It is beginning to look like the city is getting involved in trying to keep Astroland open. Yesterday, an unnamed city official was quoted in the Daily News as saying that the city would like to see the amusement park’s lease extended. Yesterday afternoon, Mayor Bloomberg seems to have expressed the same sentiment. “It would be a great shame if the amusements, which have been around for so many years and defined Coney Island and this city as much as anything,” he is quoted as saying in an AP story. “It would be a shame if we lost those.” Astroland operator Carol Hill Albert was trying to negotiate a two-year lease with developer Joe Sitt but has said that the developer had refused to negotiate or even talk. Last year, the displeasure of both the Mayor and Deputy Mayor Dan Doctoroff with Mr. Sitt was obvious at a news conference in which the city announced plans to acquire Mr. Sitt’s land in the amusement district and dismissed him as incapable of operating a “world class amusement park.” According to AP, the Mayor said yesterday: “What we’re trying to do is to get Astroland to have another one-year extension of their lease so that we can get the rezoning done and then hopefully come to an agreement with Thor.” Ms. Albert did not respond to AP’s request for a comment. Thor spokesperson Stefan Friedman said no negotiations are underway with either the city or Ms. Albert.
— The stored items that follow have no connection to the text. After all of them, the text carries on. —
lemma distr_PiM_componentwise:
  fixes M :: "'i \<Rightarrow> 'a measure"
  assumes fin: "finite I" and P: "\<And>i. prob_space (M i)"
    and h: "\<And>i. h i \<in> measurable (M i) (M i)" and d: "\<And>i. distr (M i) (M i) (h i) = M i"
  shows "distr (PiM I M) (PiM I M) (\<lambda>f. \<lambda>i\<in>I. h i (f i)) = PiM I M"
proof -
  interpret product_prob_space M
    using P by (simp add: product_prob_space_def product_prob_space_axioms_def
        product_sigma_finite_def prob_space_imp_sigma_finite)
  let ?h = "\<lambda>f. \<lambda>i\<in>I. h i (f i)"
  have mh: "?h \<in> measurable (PiM I M) (PiM I M)"
    using h by (intro measurable_restrict measurable_compose[OF measurable_component_singleton]) auto
  show ?thesis
  proof (rule PiM_eqI[OF fin])
    fix A assume A: "\<And>i. i \<in> I \<Longrightarrow> A i \<in> sets (M i)"
    have "?h -` Pi\<^sub>E I A \<inter> space (PiM I M) = Pi\<^sub>E I (\<lambda>i. h i -` A i \<inter> space (M i))"
      by (auto simp: space_PiM PiE_iff)
    then have "emeasure (distr (PiM I M) (PiM I M) ?h) (Pi\<^sub>E I A)
        = emeasure (PiM I M) (Pi\<^sub>E I (\<lambda>i. h i -` A i \<inter> space (M i)))"
      using A by (subst emeasure_distr[OF mh]) (auto intro: sets_PiM_I_finite fin)
    also have "\<dots> = (\<Prod>i\<in>I. emeasure (M i) (h i -` A i \<inter> space (M i)))"
      using A h fin by (intro emeasure_PiM) (auto simp: measurable_sets)
    also have "\<dots> = (\<Prod>i\<in>I. emeasure (M i) (A i))"
      using A h by (intro prod.cong refl) (metis d emeasure_distr)
    finally show "emeasure (distr (PiM I M) (PiM I M) ?h) (Pi\<^sub>E I A) = (\<Prod>i\<in>I. emeasure (M i) (A i))" .
  qed simp
qed

abbreviation gaussian_entries :: "('k \<times> 'd \<Rightarrow> real) measure" where
  "gaussian_entries \<equiv> PiM UNIV (\<lambda>_. std_gaussian)"

definition matrix_of_entries :: "('k \<times> 'd \<Rightarrow> real) \<Rightarrow> real ^ 'd ^ 'k" where
  "matrix_of_entries f = (\<chi> i j. f (i, j))"

lemma gaussian_matrix_eq_distr: "gaussian_matrix = distr gaussian_entries borel matrix_of_entries"
  unfolding gaussian_matrix_def matrix_of_entries_def ..

lemma sets_gaussian_entries:
  "sets (gaussian_entries :: ('k::finite \<times> 'd::finite \<Rightarrow> real) measure) = sets borel"
proof -
  have "sets (gaussian_entries :: ('k \<times> 'd \<Rightarrow> real) measure) = sets (PiM UNIV (\<lambda>_::'k \<times> 'd. borel :: real measure))"
    by (intro sets_PiM_cong) (simp_all add: sets_std_gaussian)
  also have "\<dots> = sets borel" by (rule sets_PiM_equal_borel)
  finally show ?thesis .
qed

lemma space_gaussian_entries [simp]: "space gaussian_entries = UNIV"
  by (simp add: space_PiM)

lemma measurable_matrix_of_entries:
  "(matrix_of_entries :: ('k::finite \<times> 'd::finite \<Rightarrow> real) \<Rightarrow> _) \<in> measurable gaussian_entries borel"
  unfolding measurable_cong_sets[OF sets_gaussian_entries refl] matrix_of_entries_def
  by (intro borel_measurable_continuous_onI continuous_intros continuous_on_product_coordinates)

lemma sets_gaussian_entries_preimage_closed:
  assumes "closed (A :: (real ^ 'd::finite ^ 'k::finite) set)"
  shows "matrix_of_entries -` A \<in> sets (gaussian_entries :: ('k \<times> 'd \<Rightarrow> real) measure)"
  using measurable_sets[OF measurable_matrix_of_entries borel_closed[OF assms]] by simp

lemma prob_space_gaussian_matrix:
  "prob_space (gaussian_matrix :: (real ^ 'd::finite ^ 'k::finite) measure)"
  unfolding gaussian_matrix_eq_distr
  by (intro prob_space.prob_space_distr prob_space_PiM prob_space_std_gaussian measurable_matrix_of_entries)

lemma sets_gaussian_matrix [measurable_cong]:
  "sets (gaussian_matrix :: (real ^ 'd::finite ^ 'k::finite) measure) = sets borel"
  unfolding gaussian_matrix_eq_distr by simp

lemma distr_gaussian_matrix_eqI:
  fixes T :: "real ^ 'd::finite ^ 'k::finite \<Rightarrow> real ^ 'd ^ 'k"
  assumes T: "T \<in> borel_measurable borel" and \<phi>: "\<phi> \<in> measurable gaussian_entries gaussian_entries"
    and comm: "\<And>f. T (matrix_of_entries f) = matrix_of_entries (\<phi> f)"
    and pres: "distr gaussian_entries gaussian_entries \<phi> = gaussian_entries"
  shows "distr gaussian_matrix borel T = gaussian_matrix"
proof -
  have "distr gaussian_matrix borel T = distr gaussian_entries borel (T \<circ> matrix_of_entries)"
    unfolding gaussian_matrix_eq_distr by (rule distr_distr[OF T measurable_matrix_of_entries])
  also have "T \<circ> matrix_of_entries = matrix_of_entries \<circ> \<phi>"
    using comm by auto
  also have "distr gaussian_entries borel (matrix_of_entries \<circ> \<phi>)
      = distr (distr gaussian_entries gaussian_entries \<phi>) borel matrix_of_entries"
    by (rule distr_distr[symmetric, OF measurable_matrix_of_entries \<phi>])
  finally show ?thesis
    unfolding pres gaussian_matrix_eq_distr .
qed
The Mayor, on the other hand, said that “there are private developers who have their own economic interests and then there’s the public that has a broader interest, and we’re trying to reconcile property values with what’s in the public interest, and hopefully we will come to an agreement.”
GL Analysis
Last week, we wrote that the city was deeply at fault in the Astroland situation by having done nothing to protect it or the rest of Coney Island while the rezoning process is ongoing and before any redevelopment starts. One can argue about the parameters of the rezoning and whether the city’s approach is appropriate or whether it has already made too many compromises to try to gain Mr. Sitt’s support and that of his political allies. On the other hand, it’s painfully clear the city is on the verge of allowing the premature destruction of the handful of assets that Coney Island does possess by failing to plan for an interim 1-5 year period when development is being planned. It is time for the city to get deeply involved in safeguarding Coney Island’s short-term future. Expressions of sadness that things are closing are not enough. It is time for the city to exercise the leverage it has and engage in some good old fashioned hardball negotiations with Mr. Sitt. The last time we checked, the city still held a good hand when it came to cutting a deal with the developer. If it intends to allow him to build the hotels and “entertainment retail” he deserves, one can only assume that the threat of rendering his property useless for such purposes might prove to be a bit of an incentive. Last November, the Mayor engaged in a great deal of bluster about how the city would get Mr. Sitt to see the light.
Well, it’s time to hit the switch, make the room very bright and tell the developer that, with all due respect, it’s time take off the sunglasses and negotiate in good faith about Coney’s short term future. Or else. Of course, nothing has happened in the last 36 months to inspire faith that will be outcome, but hope should always spring eternal.